YOUR ASSIGNMENT
Reproduce each record exactly.

--- DATA IN THIS EXERCISE Enclosed Below ---

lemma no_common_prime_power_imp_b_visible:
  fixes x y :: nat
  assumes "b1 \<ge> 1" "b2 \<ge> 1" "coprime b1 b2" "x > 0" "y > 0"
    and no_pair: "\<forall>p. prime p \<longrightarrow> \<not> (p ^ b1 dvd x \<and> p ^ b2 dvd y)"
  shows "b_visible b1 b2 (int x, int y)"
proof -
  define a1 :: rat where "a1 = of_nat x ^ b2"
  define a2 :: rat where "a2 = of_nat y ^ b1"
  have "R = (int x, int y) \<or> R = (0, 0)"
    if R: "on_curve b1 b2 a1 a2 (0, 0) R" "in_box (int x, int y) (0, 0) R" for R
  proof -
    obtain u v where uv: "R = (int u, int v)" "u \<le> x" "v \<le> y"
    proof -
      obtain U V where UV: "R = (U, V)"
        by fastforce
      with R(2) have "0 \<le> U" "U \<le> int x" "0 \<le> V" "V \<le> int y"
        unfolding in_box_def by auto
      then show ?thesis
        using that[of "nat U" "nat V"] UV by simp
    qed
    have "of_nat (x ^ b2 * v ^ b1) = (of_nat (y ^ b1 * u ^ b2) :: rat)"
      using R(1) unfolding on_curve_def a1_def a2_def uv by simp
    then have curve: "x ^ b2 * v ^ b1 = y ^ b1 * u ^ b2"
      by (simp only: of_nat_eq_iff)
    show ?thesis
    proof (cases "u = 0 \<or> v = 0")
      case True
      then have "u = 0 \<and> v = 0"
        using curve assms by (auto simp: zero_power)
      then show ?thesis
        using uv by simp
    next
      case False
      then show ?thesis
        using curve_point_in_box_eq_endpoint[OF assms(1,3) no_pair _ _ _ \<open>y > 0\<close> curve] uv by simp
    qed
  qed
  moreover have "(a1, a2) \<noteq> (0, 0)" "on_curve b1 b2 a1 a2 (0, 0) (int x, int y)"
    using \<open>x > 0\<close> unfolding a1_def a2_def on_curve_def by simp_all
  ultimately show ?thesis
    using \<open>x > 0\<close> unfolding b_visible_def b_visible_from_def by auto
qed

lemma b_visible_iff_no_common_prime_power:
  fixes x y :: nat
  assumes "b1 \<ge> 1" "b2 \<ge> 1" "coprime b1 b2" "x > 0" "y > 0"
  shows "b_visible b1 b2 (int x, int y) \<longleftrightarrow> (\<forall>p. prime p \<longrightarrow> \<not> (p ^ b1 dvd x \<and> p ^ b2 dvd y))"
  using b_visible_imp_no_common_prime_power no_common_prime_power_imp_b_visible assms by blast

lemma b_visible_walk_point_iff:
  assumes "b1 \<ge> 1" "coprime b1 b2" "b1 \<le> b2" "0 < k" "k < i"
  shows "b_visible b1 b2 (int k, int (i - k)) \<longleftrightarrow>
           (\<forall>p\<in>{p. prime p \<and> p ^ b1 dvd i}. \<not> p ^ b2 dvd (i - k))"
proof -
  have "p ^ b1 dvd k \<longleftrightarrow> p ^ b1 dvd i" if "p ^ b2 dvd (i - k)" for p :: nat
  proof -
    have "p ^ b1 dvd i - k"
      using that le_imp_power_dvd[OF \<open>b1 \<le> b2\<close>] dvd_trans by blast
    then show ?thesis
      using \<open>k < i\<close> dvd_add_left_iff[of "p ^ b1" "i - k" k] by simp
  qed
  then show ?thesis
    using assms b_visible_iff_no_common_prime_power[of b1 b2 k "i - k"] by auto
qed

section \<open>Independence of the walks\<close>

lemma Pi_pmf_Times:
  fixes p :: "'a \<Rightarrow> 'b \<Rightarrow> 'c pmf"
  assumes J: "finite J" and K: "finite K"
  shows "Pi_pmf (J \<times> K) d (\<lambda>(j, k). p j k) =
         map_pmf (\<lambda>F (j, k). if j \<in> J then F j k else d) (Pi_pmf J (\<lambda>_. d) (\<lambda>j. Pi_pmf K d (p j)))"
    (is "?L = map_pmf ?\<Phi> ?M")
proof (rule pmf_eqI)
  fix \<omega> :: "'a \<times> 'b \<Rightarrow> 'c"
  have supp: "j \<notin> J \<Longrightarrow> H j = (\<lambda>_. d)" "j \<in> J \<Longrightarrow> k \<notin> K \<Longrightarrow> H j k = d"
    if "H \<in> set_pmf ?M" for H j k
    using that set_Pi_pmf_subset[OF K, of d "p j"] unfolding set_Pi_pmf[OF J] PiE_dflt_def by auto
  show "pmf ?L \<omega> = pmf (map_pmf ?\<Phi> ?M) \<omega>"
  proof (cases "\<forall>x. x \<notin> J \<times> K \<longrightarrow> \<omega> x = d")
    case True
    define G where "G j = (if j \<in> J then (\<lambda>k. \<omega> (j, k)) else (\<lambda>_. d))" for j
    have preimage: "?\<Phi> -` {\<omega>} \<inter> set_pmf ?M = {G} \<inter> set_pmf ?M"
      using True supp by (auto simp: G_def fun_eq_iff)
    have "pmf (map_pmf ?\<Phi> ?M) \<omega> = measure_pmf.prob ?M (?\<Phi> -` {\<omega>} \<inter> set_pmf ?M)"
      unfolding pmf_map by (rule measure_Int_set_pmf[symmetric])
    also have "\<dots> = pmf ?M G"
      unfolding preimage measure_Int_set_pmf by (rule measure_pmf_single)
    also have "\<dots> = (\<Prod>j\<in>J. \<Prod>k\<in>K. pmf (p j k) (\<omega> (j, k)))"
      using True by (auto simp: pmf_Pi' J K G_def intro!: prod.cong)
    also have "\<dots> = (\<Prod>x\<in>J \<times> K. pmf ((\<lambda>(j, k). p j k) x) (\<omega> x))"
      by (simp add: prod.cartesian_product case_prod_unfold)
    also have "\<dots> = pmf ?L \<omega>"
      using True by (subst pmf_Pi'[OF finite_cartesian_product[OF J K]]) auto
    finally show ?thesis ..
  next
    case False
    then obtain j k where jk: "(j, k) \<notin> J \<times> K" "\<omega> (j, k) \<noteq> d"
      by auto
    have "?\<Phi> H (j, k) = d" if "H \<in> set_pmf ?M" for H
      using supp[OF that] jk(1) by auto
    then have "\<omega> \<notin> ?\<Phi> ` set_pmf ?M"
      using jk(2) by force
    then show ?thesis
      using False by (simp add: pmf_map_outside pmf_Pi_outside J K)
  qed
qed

--- End of Enclosed DATA IN THIS EXERCISE ---

RESULT OF THIS TASK
lemma no_common_prime_power_imp_b_visible:
  fixes x y :: nat
  assumes "b1 \<ge> 1" "b2 \<ge> 1" "coprime b1 b2" "x > 0" "y > 0"
    and no_pair: "\<forall>p. prime p \<longrightarrow> \<not> (p ^ b1 dvd x \<and> p ^ b2 dvd y)"
  shows "b_visible b1 b2 (int x, int y)"
proof -
  define a1 :: rat where "a1 = of_nat x ^ b2"
  define a2 :: rat where "a2 = of_nat y ^ b1"
  have "R = (int x, int y) \<or> R = (0, 0)"
    if R: "on_curve b1 b2 a1 a2 (0, 0) R" "in_box (int x, int y) (0, 0) R" for R
  proof -
    obtain u v where uv: "R = (int u, int v)" "u \<le> x" "v \<le> y"
    proof -
      obtain U V where UV: "R = (U, V)"
        by fastforce
      with R(2) have "0 \<le> U" "U \<le> int x" "0 \<le> V" "V \<le> int y"
        unfolding in_box_def by auto
      then show ?thesis
        using that[of "nat U" "nat V"] UV by simp
    qed
    have "of_nat (x ^ b2 * v ^ b1) = (of_nat (y ^ b1 * u ^ b2) :: rat)"
      using R(1) unfolding on_curve_def a1_def a2_def uv by simp
    then have curve: "x ^ b2 * v ^ b1 = y ^ b1 * u ^ b2"
      by (simp only: of_nat_eq_iff)
    show ?thesis
    proof (cases "u = 0 \<or> v = 0")
      case True
      then have "u = 0 \<and> v = 0"
        using curve assms by (auto simp: zero_power)
      then show ?thesis
        using uv by simp
    next
      case False
      then show ?thesis
        using curve_point_in_box_eq_endpoint[OF assms(1,3) no_pair _ _ _ \<open>y > 0\<close> curve] uv by simp
    qed
  qed
  moreover have "(a1, a2) \<noteq> (0, 0)" "on_curve b1 b2 a1 a2 (0, 0) (int x, int y)"
    using \<open>x > 0\<close> unfolding a1_def a2_def on_curve_def by simp_all
  ultimately show ?thesis
    using \<open>x > 0\<close> unfolding b_visible_def b_visible_from_def by auto
qed

lemma b_visible_iff_no_common_prime_power:
  fixes x y :: nat
  assumes "b1 \<ge> 1" "b2 \<ge> 1" "coprime b1 b2" "x > 0" "y > 0"
  shows "b_visible b1 b2 (int x, int y) \<longleftrightarrow> (\<forall>p. prime p \<longrightarrow> \<not> (p ^ b1 dvd x \<and> p ^ b2 dvd y))"
  using b_visible_imp_no_common_prime_power no_common_prime_power_imp_b_visible assms by blast

lemma b_visible_walk_point_iff:
  assumes "b1 \<ge> 1" "coprime b1 b2" "b1 \<le> b2" "0 < k" "k < i"
  shows "b_visible b1 b2 (int k, int (i - k)) \<longleftrightarrow>
           (\<forall>p\<in>{p. prime p \<and> p ^ b1 dvd i}. \<not> p ^ b2 dvd (i - k))"
proof -
  have "p ^ b1 dvd k \<longleftrightarrow> p ^ b1 dvd i" if "p ^ b2 dvd (i - k)" for p :: nat
  proof -
    have "p ^ b1 dvd i - k"
      using that le_imp_power_dvd[OF \<open>b1 \<le> b2\<close>] dvd_trans by blast
    then show ?thesis
      using \<open>k < i\<close> dvd_add_left_iff[of "p ^ b1" "i - k" k] by simp
  qed
  then show ?thesis
    using assms b_visible_iff_no_common_prime_power[of b1 b2 k "i - k"] by auto
qed

section \<open>Independence of the walks\<close>

lemma Pi_pmf_Times:
  fixes p :: "'a \<Rightarrow> 'b \<Rightarrow> 'c pmf"
  assumes J: "finite J" and K: "finite K"
  shows "Pi_pmf (J \<times> K) d (\<lambda>(j, k). p j k) =
         map_pmf (\<lambda>F (j, k). if j \<in> J then F j k else d) (Pi_pmf J (\<lambda>_. d) (\<lambda>j. Pi_pmf K d (p j)))"
    (is "?L = map_pmf ?\<Phi> ?M")
proof (rule pmf_eqI)
  fix \<omega> :: "'a \<times> 'b \<Rightarrow> 'c"
  have supp: "j \<notin> J \<Longrightarrow> H j = (\<lambda>_. d)" "j \<in> J \<Longrightarrow> k \<notin> K \<Longrightarrow> H j k = d"
    if "H \<in> set_pmf ?M" for H j k
    using that set_Pi_pmf_subset[OF K, of d "p j"] unfolding set_Pi_pmf[OF J] PiE_dflt_def by auto
  show "pmf ?L \<omega> = pmf (map_pmf ?\<Phi> ?M) \<omega>"
  proof (cases "\<forall>x. x \<notin> J \<times> K \<longrightarrow> \<omega> x = d")
    case True
    define G where "G j = (if j \<in> J then (\<lambda>k. \<omega> (j, k)) else (\<lambda>_. d))" for j
    have preimage: "?\<Phi> -` {\<omega>} \<inter> set_pmf ?M = {G} \<inter> set_pmf ?M"
      using True supp by (auto simp: G_def fun_eq_iff)
    have "pmf (map_pmf ?\<Phi> ?M) \<omega> = measure_pmf.prob ?M (?\<Phi> -` {\<omega>} \<inter> set_pmf ?M)"
      unfolding pmf_map by (rule measure_Int_set_pmf[symmetric])
    also have "\<dots> = pmf ?M G"
      unfolding preimage measure_Int_set_pmf by (rule measure_pmf_single)
    also have "\<dots> = (\<Prod>j\<in>J. \<Prod>k\<in>K. pmf (p j k) (\<omega> (j, k)))"
      using True by (auto simp: pmf_Pi' J K G_def intro!: prod.cong)
    also have "\<dots> = (\<Prod>x\<in>J \<times> K. pmf ((\<lambda>(j, k). p j k) x) (\<omega> x))"
      by (simp add: prod.cartesian_product case_prod_unfold)
    also have "\<dots> = pmf ?L \<omega>"
      using True by (subst pmf_Pi'[OF finite_cartesian_product[OF J K]]) auto
    finally show ?thesis ..
  next
    case False
    then obtain j k where jk: "(j, k) \<notin> J \<times> K" "\<omega> (j, k) \<noteq> d"
      by auto
    have "?\<Phi> H (j, k) = d" if "H \<in> set_pmf ?M" for H
      using supp[OF that] jk(1) by auto
    then have "\<omega> \<notin> ?\<Phi> ` set_pmf ?M"
      using jk(2) by force
    then show ?thesis
      using False by (simp add: pmf_map_outside pmf_Pi_outside J K)
  qed
qed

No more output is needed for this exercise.